Your task: Go through the data from its first line and retype each line, stopping once the line containing "(\<forall>r. Relem e" has been retyped.

--- Information shown ---

definition f_LCD :: "nat \<Rightarrow> 'a::field list set \<Rightarrow> bool" where
  "f_LCD n C \<longleftrightarrow> f_linear_code n C \<and> C \<inter> f_dual n C = {replicate n 0}"

section \<open>The ring R_{e,q} = F_q[u]/<u^e - 1>, elements = polynomials of degree < e\<close>

definition Pe :: "nat \<Rightarrow> 'a::field poly" where
  "Pe e = monom 1 e - 1"

definition Relem :: "nat \<Rightarrow> 'a::field poly \<Rightarrow> bool" where
  "Relem e f \<longleftrightarrow> degree f < e"

definition rmul :: "nat \<Rightarrow> 'a::field poly \<Rightarrow> 'a poly \<Rightarrow> 'a poly" where
  "rmul e f g = (f * g) mod Pe e"

definition rdot :: "nat \<Rightarrow> nat \<Rightarrow> 'a::field poly list \<Rightarrow> 'a poly list \<Rightarrow> 'a poly" where
  "rdot e n v w = (\<Sum>k<n. v ! k * w ! k) mod Pe e"

definition r_linear_code :: "nat \<Rightarrow> nat \<Rightarrow> 'a::field poly list set \<Rightarrow> bool" where
  "r_linear_code e n C \<longleftrightarrow>
     C \<subseteq> {v. length v = n \<and> (\<forall>x\<in>set v. Relem e x)} \<and> replicate n 0 \<in> C \<and>
     (\<forall>v\<in>C. \<forall>w\<in>C. map2 (+) v w \<in> C) \<and>
     (\<forall>r. Relem e r \<longrightarrow> (\<forall>v\<in>C. map (rmul e r) v \<in> C))"

definition r_cyclic_code :: "nat \<Rightarrow> nat \<Rightarrow> 'a::field poly list set \<Rightarrow> bool" where
  "r_cyclic_code e n C \<longleftrightarrow> r_linear_code e n C \<and> (\<forall>v\<in>C. rotate1 v \<in> C)"

definition r_dual :: "nat \<Rightarrow> nat \<Rightarrow> 'a::field poly list set \<Rightarrow> 'a poly list set" where
  "r_dual e n C = {w. length w = n \<and> (\<forall>x\<in>set w. Relem e x) \<and> (\<forall>v\<in>C. rdot e n v w = 0)}"

definition r_LCD :: "nat \<Rightarrow> nat \<Rightarrow> 'a::field poly list set \<Rightarrow> bool" where
  "r_LCD e n C \<longleftrightarrow> r_linear_code e n C \<and> C \<inter> r_dual e n C = {replicate n 0}"

text \<open>The index i in 1..e is replaced by the root alpha_i itself.\<close>

definition eroots :: "nat \<Rightarrow> 'a::field set" where
  "eroots e = {a. a ^ e = 1}"

definition Gi :: "'a::field \<Rightarrow> 'a poly" where
  "Gi a = [:-a, 1:]"

definition Ghat :: "nat \<Rightarrow> 'a::field \<Rightarrow> 'a poly" where
  "Ghat e a = Pe e div Gi a"

definition mu :: "nat \<Rightarrow> 'a::field \<Rightarrow> 'a poly" where
  "mu e a = ((SOME h. \<exists>z. z * Gi a + h * Ghat e a = 1) * Ghat e a) mod Pe e"

definition comp_code :: "nat \<Rightarrow> nat \<Rightarrow> 'a::field poly list set \<Rightarrow> 'a \<Rightarrow> 'a list set" where
  "comp_code e n C a = {s. length s = n \<and>
     (\<exists>S. S a = s \<and> (\<forall>b\<in>eroots e. length (S b) = n) \<and>
          map (\<lambda>k. \<Sum>b\<in>eroots e. smult (S b ! k) (mu e b)) [0..<n] \<in> C)}"

end

theory Submission
  imports Defs
begin

(*
  Since e divides q - 1, the polynomial u^e - 1 has exactly e distinct roots in F_q, so
  evaluation at these roots is the Chinese-remainder isomorphism R_{e,q} = F_q^e, under which
  mu_a becomes the a-th unit vector. Hence the component code C_a is simply the image of C
  under evaluation at a, and a vector w over R_{e,q} is orthogonal to C iff each evaluation
  of w is orthogonal to the corresponding component code. Consequently C intersected with its
  dual vanishes iff every C_a intersected with its dual vanishes: for the nontrivial direction,
  a vector s in C_a and its dual lifts to mu_a v in C, which is orthogonal to C.
*)

lemma finite_field_power_card_minus_1:
  fixes x :: "'a::{field,finite}"
  assumes "x \<noteq> 0"
  shows "x ^ (card (UNIV :: 'a set) - 1) = 1"
proof -
  let ?N = "UNIV - {0::'a}"
  have "x ^ card ?N * \<Prod>?N = (\<Prod>y\<in>?N. x * y)"
    by (simp add: prod.distrib)
  also have "\<dots> = \<Prod>?N"
    by (rule prod.reindex_bij_witness[of _ "\<lambda>y. y / x" "\<lambda>y. x * y"]) (use assms in auto)
  finally have "x ^ card ?N = 1"
    by simp
  then show ?thesis
    by (simp add: card_Diff_singleton)
qed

---

Exercise solution:
definition f_LCD :: "nat \<Rightarrow> 'a::field list set \<Rightarrow> bool" where
  "f_LCD n C \<longleftrightarrow> f_linear_code n C \<and> C \<inter> f_dual n C = {replicate n 0}"

section \<open>The ring R_{e,q} = F_q[u]/<u^e - 1>, elements = polynomials of degree < e\<close>

definition Pe :: "nat \<Rightarrow> 'a::field poly" where
  "Pe e = monom 1 e - 1"

definition Relem :: "nat \<Rightarrow> 'a::field poly \<Rightarrow> bool" where
  "Relem e f \<longleftrightarrow> degree f < e"

definition rmul :: "nat \<Rightarrow> 'a::field poly \<Rightarrow> 'a poly \<Rightarrow> 'a poly" where
  "rmul e f g = (f * g) mod Pe e"

definition rdot :: "nat \<Rightarrow> nat \<Rightarrow> 'a::field poly list \<Rightarrow> 'a poly list \<Rightarrow> 'a poly" where
  "rdot e n v w = (\<Sum>k<n. v ! k * w ! k) mod Pe e"

definition r_linear_code :: "nat \<Rightarrow> nat \<Rightarrow> 'a::field poly list set \<Rightarrow> bool" where
  "r_linear_code e n C \<longleftrightarrow>
     C \<subseteq> {v. length v = n \<and> (\<forall>x\<in>set v. Relem e x)} \<and> replicate n 0 \<in> C \<and>
     (\<forall>v\<in>C. \<forall>w\<in>C. map2 (+) v w \<in> C) \<and>
     (\<forall>r. Relem e r \<longrightarrow> (\<forall>v\<in>C. map (rmul e r) v \<in> C))"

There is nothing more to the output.